There are lots of ways to develop this attribute, from large equipment like the one Bruce is using here (you squeeze and the gap is narrowed,
thus lifting those weights) to just squeezing a rubber ball (using basically dynamic tension).
One of things used by weight lifters (who want to either supplement or do without wrist straps) is a thick bar, which is a heavy bar with a circumference another half or twice as thick as the usual Olympic bar. This is picked and the training is a static hold.
Other methods people use include various static holds such as a “pinch grip” where you pinch two Olympic plates together and hold them in place. Others do something similar by holding a couple of very heavy dumbbells and just stand there holding them (or walk with them, which they call a Farmer’s walk). Be careful!
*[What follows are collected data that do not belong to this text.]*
lemma card_smooth_between_blocks:
  fixes \<delta> c X\<^sub>0 P :: real
  assumes short: "\<And>x. X\<^sub>0 \<le> x \<Longrightarrow> c * x powr \<delta> \<le> card (smooth_between x (x + x powr \<delta>) (x powr \<delta>))"
    and \<delta>: "0 < \<delta>" "\<delta> \<le> 1" and "0 \<le> c" "X\<^sub>0 \<le> P" "0 < P"
    and fits: "real m * (2 * P powr \<delta>) \<le> P"
  shows "real m * c * P powr \<delta> \<le> card (smooth_between P (P + real m * (2 * P powr \<delta>)) (2 * P powr \<delta>))"
  using fits
proof (induction m)
  case 0
  then show ?case by simp
next
  case (Suc m)
  define L where "L = 2 * P powr \<delta>"
  define x where "x = P + real m * L"
  have L: "0 \<le> L" by (simp add: L_def)
  have "real (Suc m) * L \<le> P"
    using Suc.prems by (simp add: L_def)
  then have fits_m: "real m * L \<le> P" and "x + L \<le> 2 * P"
    using L by (simp_all add: x_def algebra_simps)
  then have "P \<le> x" "x \<le> 2 * P" using L by (auto simp: x_def)
  have "x powr \<delta> \<le> (2 * P) powr \<delta>"
    using \<open>P \<le> x\<close> \<open>x \<le> 2 * P\<close> \<open>0 < P\<close> \<delta> by (intro powr_mono2) auto
  also have "\<dots> = 2 powr \<delta> * P powr \<delta>"
    using \<open>0 < P\<close> by (simp add: powr_mult)
  also have "\<dots> \<le> L"
    unfolding L_def using powr_mono[of \<delta> 1 2] \<delta> by (intro mult_right_mono) auto
  finally have "x powr \<delta> \<le> L" .
  have "c * P powr \<delta> \<le> c * x powr \<delta>"
    using \<open>P \<le> x\<close> \<open>0 < P\<close> \<delta> \<open>0 \<le> c\<close> by (intro mult_left_mono powr_mono2) auto
  also have "\<dots> \<le> card (smooth_between x (x + x powr \<delta>) (x powr \<delta>))"
    using short \<open>X\<^sub>0 \<le> P\<close> \<open>P \<le> x\<close> by simp
  also have "\<dots> \<le> card (smooth_between x (x + L) L)"
    using \<open>x powr \<delta> \<le> L\<close> by (intro of_nat_mono card_mono finite_smooth_between smooth_between_mono) auto
  finally have block: "c * P powr \<delta> \<le> card (smooth_between x (x + L) L)" .
  have "real m * c * P powr \<delta> \<le> card (smooth_between P x L)"
    using Suc.IH fits_m by (simp add: L_def x_def)
  also have "\<dots> + c * P powr \<delta> \<le> card (smooth_between P x L) + card (smooth_between x (x + L) L)"
    using block by simp
  also have "\<dots> = card (smooth_between P (x + L) L)"
    using card_smooth_between_split[of P x "x + L"] \<open>P \<le> x\<close> L by simp
  finally show ?case
    by (simp add: L_def x_def algebra_simps)
qed

lemma grimm_card_smooth_le:
  assumes "grimm_conjecture" "1 \<le> n"
    and prime_free: "\<forall>r. n < r \<and> r < n' \<longrightarrow> \<not> prime r"
    and U: "U \<subseteq> {n<..<n'}" "\<forall>s\<in>U. smooth y s"
  shows "card U \<le> nat \<lfloor>y\<rfloor>"
proof (cases "U = {}")
  case False
  define k where "k = n' - n - 1"
  have range: "n < s \<and> s < n'" if "s \<in> U" for s
    using U(1) that by auto
  then have k: "s - n \<in> {1..k}" if "s \<in> U" for s
    using that unfolding k_def by fastforce
  have "1 \<le> k"
    using k False by fastforce
  have "\<forall>i\<in>{1..k}. \<not> prime (n + i)"
    using prime_free unfolding k_def by auto
  then obtain P where P: "inj_on P {1..k}" "\<forall>i\<in>{1..k}. prime (P i) \<and> P i dvd n + i"
    using assms(1,2) \<open>1 \<le> k\<close> unfolding grimm_conjecture_def by blast
  have sub: "n + (s - n) = s" if "s \<in> U" for s
    using range[OF that] by simp
  have "inj_on (\<lambda>s. P (s - n)) U"
  proof (rule inj_onI)
    fix s t assume "s \<in> U" "t \<in> U" "P (s - n) = P (t - n)"
    then show "s = t" using P(1) k sub by (metis inj_onD)
  qed
  moreover have "(\<lambda>s. P (s - n)) ` U \<subseteq> {1..nat \<lfloor>y\<rfloor>}"
  proof safe
    fix s assume "s \<in> U"
    then have "prime (P (s - n))" "P (s - n) dvd s"
      using P(2) k sub by metis+
    then have "real (P (s - n)) \<le> y"
      using U(2) \<open>s \<in> U\<close> unfolding smooth_def by blast
    then show "P (s - n) \<in> {1..nat \<lfloor>y\<rfloor>}"
      using prime_ge_1_nat[OF \<open>prime (P (s - n))\<close>] by (auto intro: le_nat_floor)
  qed
  ultimately have "card U \<le> card {1..nat \<lfloor>y\<rfloor>}"
    by (intro card_inj_on_le) auto
  then show ?thesis by simp
qed simp

definition consecutive_primes :: "nat \<Rightarrow> nat \<Rightarrow> bool" where
  "consecutive_primes p q \<longleftrightarrow> prime p \<and> prime q \<and> p < q \<and> (\<forall>r. p < r \<and> r < q \<longrightarrow> \<not> prime r)"

lemma grimm_card_smooth_between_le:
  assumes "grimm_conjecture" "consecutive_primes p q" "b < real q"
  shows "card (smooth_between (real p) b y) \<le> nat \<lfloor>y\<rfloor>"
proof (rule grimm_card_smooth_le[OF assms(1)])
  show "1 \<le> p" "\<forall>r. p < r \<and> r < q \<longrightarrow> \<not> prime r"
    using assms(2) by (simp_all add: consecutive_primes_def Suc_le_eq prime_gt_0_nat)
  show "smooth_between (real p) b y \<subseteq> {p<..<q}"
    using assms(3) by (auto simp: smooth_between_def)
  show "\<forall>s\<in>smooth_between (real p) b y. smooth y s"
    by (simp add: smooth_between_def)
qed

lemma consecutive_prime_gap_lt:
  fixes \<delta> \<epsilon> c X\<^sub>0 :: real
  assumes grimm: "grimm_conjecture"
    and short: "\<And>x. X\<^sub>0 \<le> x \<Longrightarrow> c * x powr \<delta> \<le> card (smooth_between x (x + x powr \<delta>) (x powr \<delta>))"
    and \<delta>: "0 < \<delta>" "2 * \<delta> \<le> \<epsilon>" "2 * \<delta> \<le> 1" and "0 < c" "4 \<le> real m * c"
    and P: "X\<^sub>0 \<le> real p" "1 \<le> real p" "2 * real m < real p powr \<delta>"
    and "consecutive_primes p q"
  shows "real q - real p < real p powr \<epsilon>"
proof (rule ccontr)
  assume "\<not> real q - real p < real p powr \<epsilon>"
  define P L where "P = real p" and "L = 2 * P powr \<delta>"
  have "real m * L = (2 * real m) * P powr \<delta>"
    by (simp add: L_def)
  also have "\<dots> < P powr \<delta> * P powr \<delta>"
    using P by (intro mult_strict_right_mono) (auto simp: P_def)
  also have "\<dots> = P powr (2 * \<delta>)"
    by (simp add: P_def powr_add[symmetric])
  finally have "real m * L < P powr (2 * \<delta>)" .
  moreover have "P powr (2 * \<delta>) \<le> P powr \<epsilon>" "P powr (2 * \<delta>) \<le> P"
    using powr_mono[OF \<delta>(2), of P] powr_mono[OF \<delta>(3), of P] P by (simp_all add: P_def)
  ultimately have "real m * L < P powr \<epsilon>" "real m * L \<le> P"
    by linarith+
  define U where "U = smooth_between P (P + real m * L) L"
  have "card U \<le> nat \<lfloor>L\<rfloor>"
    unfolding U_def P_def
    using \<open>real m * L < P powr \<epsilon>\<close> \<open>\<not> real q - real p < real p powr \<epsilon>\<close>
    by (intro grimm_card_smooth_between_le[OF grimm \<open>consecutive_primes p q\<close>]) (simp add: P_def)
  moreover have "0 \<le> L"
    by (simp add: L_def)
  ultimately have "real (card U) \<le> L"
    by linarith
  moreover have "real m * c * P powr \<delta> \<le> card U"
    unfolding U_def L_def
    using \<delta> \<open>0 < c\<close> P \<open>real m * L \<le> P\<close>
    by (intro card_smooth_between_blocks[OF short]) (auto simp: P_def L_def)
  moreover have "4 * P powr \<delta> \<le> real m * c * P powr \<delta>"
    using \<open>4 \<le> real m * c\<close> by (simp add: mult_right_mono)
  moreover have "0 < P powr \<delta>"
    using P by (simp add: P_def)
  ultimately show False
    unfolding L_def by linarith
qed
Another Bruce Lee favorite was the fingertips push up or push ups on the knuckles. Personally I don’t think knuckle push ups are good for you (part of what you are resting your weight on are small delicate tendons necessary for fine motor skills like typing and holding a pen).
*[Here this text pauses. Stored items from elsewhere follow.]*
(* Let $\delta=(\mathbf a_1,\mathbf a_2,\mathbf a_3)$ be a nondegenerate, positively oriented m-triangle in the $xy$-plane with normal $\mathbf a_1\times\mathbf a_2/|\mathbf a_1\times\mathbf a_2|=\mathbf k$, whose shape $\delta^\ast$ is not the north pole. Let $\{\mathbf u_1,\mathbf u_2\}$ be an eigenframe of the inertia tensor $B_\delta$ in the plane, with $\mathbf u_1$ the eigenvector for the smallest eigenvalue $\lambda_1$, and let $\psi_i$ be the oriented angle from $\mathbf a_1$ to $\mathbf u_i$. Then $$\tan\frac\theta2=-\frac{1+\sin\varphi}{\cos\varphi}\tan\psi_1=\frac{1+\sin\varphi}{\cos\varphi}\cot\psi_2,$$ where $(\varphi,\theta)$ are the spherical coordinates of $\delta^\ast$ on the shape sphere: $\varphi$ the colatitude and $\theta$ the longitude (eastward, with $\theta=0$ at the binary collision shape $\mathfrak b_{23}$).
   Context: Masses $m_1,m_2,m_3>0$, $m_1+m_2+m_3=1$; m-triangle $(\mathbf a_1,\mathbf a_2,\mathbf a_3)$ with $\sum m_i\mathbf a_i=0$. Inertia tensor $B_\delta(\mathbf u,\mathbf v)=\sum m_j(\mathbf u\times\mathbf a_j)\cdot(\mathbf v\times\mathbf a_j)$. The shape sphere $M^\ast$ (oriented m-triangles with $\sum m_i|\mathbf a_i|^2=1$ modulo rotation, with the kinematic metric $\frac14(d\varphi^2+\sin^2\varphi\,d\theta^2)$) has its equator consisting of collinear shapes and its north pole equal to the shape of the positively oriented m-triangle with $m_j|\mathbf a_j|^2=(1-m_j)/2$; the northern hemisphere consists of positively oriented shapes. $\mathfrak b_{ij}$ is the binary collision shape $\mathbf a_i=\mathbf a_j$ on the equator. The eastward direction of increasing longitude is the positive direction of the equator induced by the orientation of the northern hemisphere, in which $\mathfrak b_{23},\mathfrak b_{31},\mathfrak b_{12}$ appear in positive cyclic order. *)

theory Defs
  imports "HOL-Analysis.Analysis"
begin

definition kvec :: "real^3" where "kvec = vector [0, 0, 1]"

definition inertia :: "real \<Rightarrow> real \<Rightarrow> real \<Rightarrow> real^3 \<Rightarrow> real^3 \<Rightarrow> real^3
    \<Rightarrow> real^3 \<Rightarrow> real^3 \<Rightarrow> real" where
  "inertia m1 m2 m3 a1 a2 a3 u v =
     m1 * ((cross3 u a1) \<bullet> (cross3 v a1)) + m2 * ((cross3 u a2) \<bullet> (cross3 v a2))
   + m3 * ((cross3 u a3) \<bullet> (cross3 v a3))"

definition moment :: "real \<Rightarrow> real \<Rightarrow> real \<Rightarrow> real^3 \<Rightarrow> real^3 \<Rightarrow> real^3 \<Rightarrow> real" where
  "moment m1 m2 m3 a1 a2 a3 = m1 * (norm a1)^2 + m2 * (norm a2)^2 + m3 * (norm a3)^2"

definition cplx :: "real^3 \<Rightarrow> complex" where
  "cplx a = Complex (a $ 1) (a $ 2)"

definition jac1 :: "real \<Rightarrow> real \<Rightarrow> real \<Rightarrow> real^3 \<Rightarrow> real^3 \<Rightarrow> real^3 \<Rightarrow> complex" where
  "jac1 m1 m2 m3 a1 a2 a3 = complex_of_real (sqrt (m2 * m3 / (1 - m1))) * (cplx a2 - cplx a3)"

definition jac2 :: "real \<Rightarrow> real \<Rightarrow> real \<Rightarrow> real^3 \<Rightarrow> real^3 \<Rightarrow> real^3 \<Rightarrow> complex" where
  "jac2 m1 m2 m3 a1 a2 a3 = complex_of_real (sqrt (m1 / (1 - m1))) * cplx a1"

text \<open>The shape of a planar m-triangle as a point of the unit sphere in R^3 (Hopf map
  in Jacobi coordinates).  Third axis: north pole (positively oriented shape with
  m_j |a_j|^2 = (1 - m_j)/2 after normalisation); equator: collinear shapes;
  first axis: binary collision b23 (longitude 0); longitude increasing so that
  b23, b31, b12 are in positive cyclic order.\<close>
definition shape_point :: "real \<Rightarrow> real \<Rightarrow> real \<Rightarrow> real^3 \<Rightarrow> real^3 \<Rightarrow> real^3 \<Rightarrow> real^3" where
  "shape_point m1 m2 m3 a1 a2 a3 =
     (let w1 = jac1 m1 m2 m3 a1 a2 a3; w2 = jac2 m1 m2 m3 a1 a2 a3;
          I = moment m1 m2 m3 a1 a2 a3
      in vector [((cmod w2)^2 - (cmod w1)^2) / I,
                 - 2 * Re (w1 * cnj w2) / I,
                 2 * Im (w1 * cnj w2) / I])"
I do fingertip push ups once in a blue moon but generally I have one particular exercise for the wrist and a few for the grip.
My favorite wrist exercise is using the heavy Baat Jaam Do (see my instruction for building these and training with them
HERE
), especially the one at the front of the form where you are tapping forward (sort of the reverse of the sun fist extension).
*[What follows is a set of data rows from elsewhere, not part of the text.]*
text \<open>A left-normalized operator sum_k c_k E_m^k is represented by the polynomial
  with coefficients c_k; multiplication uses E_m c = sigma(c) E_m.\<close>
definition skm :: "K poly \<Rightarrow> K poly \<Rightarrow> K poly" (infixl "**" 70) where
  "a ** b = (\<Sum>i\<le>degree a. smult (coeff a i) (monom 1 i * map_poly (sigK ^^ i) b))"

definition Em :: "K poly" where "Em = monom 1 1"

abbreviation C :: "K \<Rightarrow> K poly" where "C c \<equiv> [:c:]"

definition Phi :: "nat \<Rightarrow> K" where "Phi k = 1 - sK ^ k * QmK ^ 4"

definition u1 :: "K poly \<Rightarrow> K poly" where
  "u1 e = C (1 / Phi 6) ** e - C (sK^2 * QmK^2 / Phi 2)"
definition v1 :: "K poly \<Rightarrow> K poly" where
  "v1 e = C (sK^2 * QmK^2 / Phi 6) ** e - C (1 / Phi 2)"
definition u2 :: "K poly \<Rightarrow> K poly" where
  "u2 e = C (sK^12 * QmK^4 / (Phi 10 * Phi 12)) ** e ** e
        - C (sK^4 * (1 + sK^2) * QmK^2 / (Phi 6 * Phi 10)) ** e
        + C (1 / (Phi 4 * Phi 6))"
definition v2 :: "K poly \<Rightarrow> K poly" where
  "v2 e = C (1 / (Phi 10 * Phi 12)) ** e ** e
        - C (sK^2 * (1 + sK^2) * QmK^2 / (Phi 6 * Phi 10)) ** e
        + C (sK^4 * QmK^4 / (Phi 4 * Phi 6))"
definition Yop :: "K poly \<Rightarrow> K poly" where
  "Yop e = u2 e ** u1 e ** (e - C (sK^2 * QmK^2))"

definition P0 :: "K poly \<Rightarrow> K poly" where
  "P0 e =
     C (sK^2 - sK^4) ** u2 e ** v1 e ** (C (QmK^2) ** e - 1)
   + C (sK^2 * (QnK^2 + 1 + inverse (QnK^2))) ** u2 e ** u1 e ** (C (QmK^2) ** e - 1)
   + C (sK^2) ** u2 e ** u1 e ** C (sK^2 * QmK^2 + inverse (sK^2) * inverse (QmK^2))
       ** (C (QmK^2) ** e - 1)
   + C (sK^2 - sK^4) ** u2 e ** (C (QmK^2) ** e - 1)
   - Yop e ** C (QmK^2 * QnK^2 + QmK^2 * inverse (QnK^2) + 3
                 + inverse (QmK^2) * QnK^2 + inverse (QmK^2) * inverse (QnK^2))
   + C (inverse (sK^2) * (QnK^2 - sK^2 + inverse (QnK^2))) ** v2 e ** v1 e
       ** (e - C (sK^2 * QmK^2))
   + C (inverse (sK^2)) ** v2 e ** v1 e ** C (sK^2 * QmK^2 + inverse (sK^2) * inverse (QmK^2))
       ** (e - C (sK^2 * QmK^2))
   + C (inverse (sK^4) - inverse (sK^2)) ** v2 e ** C (inverse (QmK^2)) ** (e - C (sK^2 * QmK^2))
   - C (inverse (sK^4)) ** v2 e ** u1 e ** (e - C (sK^2 * QmK^2))"

definition P1 :: "K poly \<Rightarrow> K poly" where
  "P1 e = (e + 1) ** C ((1 - sK^2 * QmK^2) * (1 - sK^6 * QmK^2) / (1 + sK^4 * QmK^2))"

definition AmW :: "K poly" where
  "AmW = P1 (C sK ** Em) ** P0 (C sK ** Em)"

definition eps_s :: "K poly \<Rightarrow> L poly \<Rightarrow> bool" where
  "eps_s a b \<longleftrightarrow> (\<forall>k. eval_s1 (coeff a k) (coeff b k))"

definition ALk :: "L poly" where
  "ALk = [: QnL^2,
           QmL^4 * QnL^2 - QmL^2 * QnL^4 - 2 * QmL^2 * QnL^2 + QnL^4 - QmL^2 + 1,
           QmL^4 * QnL^4 - QmL^2 * QnL^4 + QmL^4 - 2 * QmL^2 * QnL^2 - QmL^2 + QnL^2,
           QmL^4 * QnL^2 :]"

end

theory Submission
  imports Defs "HOL-Computational_Algebra.Polynomial_Factorial"
begin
I also do a lot of pull ups in my office, which trains all sorts of muscles but especially the grip, since I have to keep 175 pounds from falling off.
For my grip, I use the Ivanko Gripper, which is a heavy-duty bit of equipment I bought back in 2001. What I like about the Ivanko Gripper is it has progressive settings, so as I get stronger, I can increase the load. You can also up the setting to a tension too difficult to close with one hand, then hold that with a static hold or slowly let it release (like a negative repetition).
Currently I’m squeezing about 120 LBS of force, which isn’t bad (although it goes up to 345!).
The strong men of the old days used to perform feats of grip strength like bending pennies and railroad spikes and tearing phone books in half!
Be careful with this stuff – err on the side of caution. It becomes really hard to type after blowing out your hands with exercise.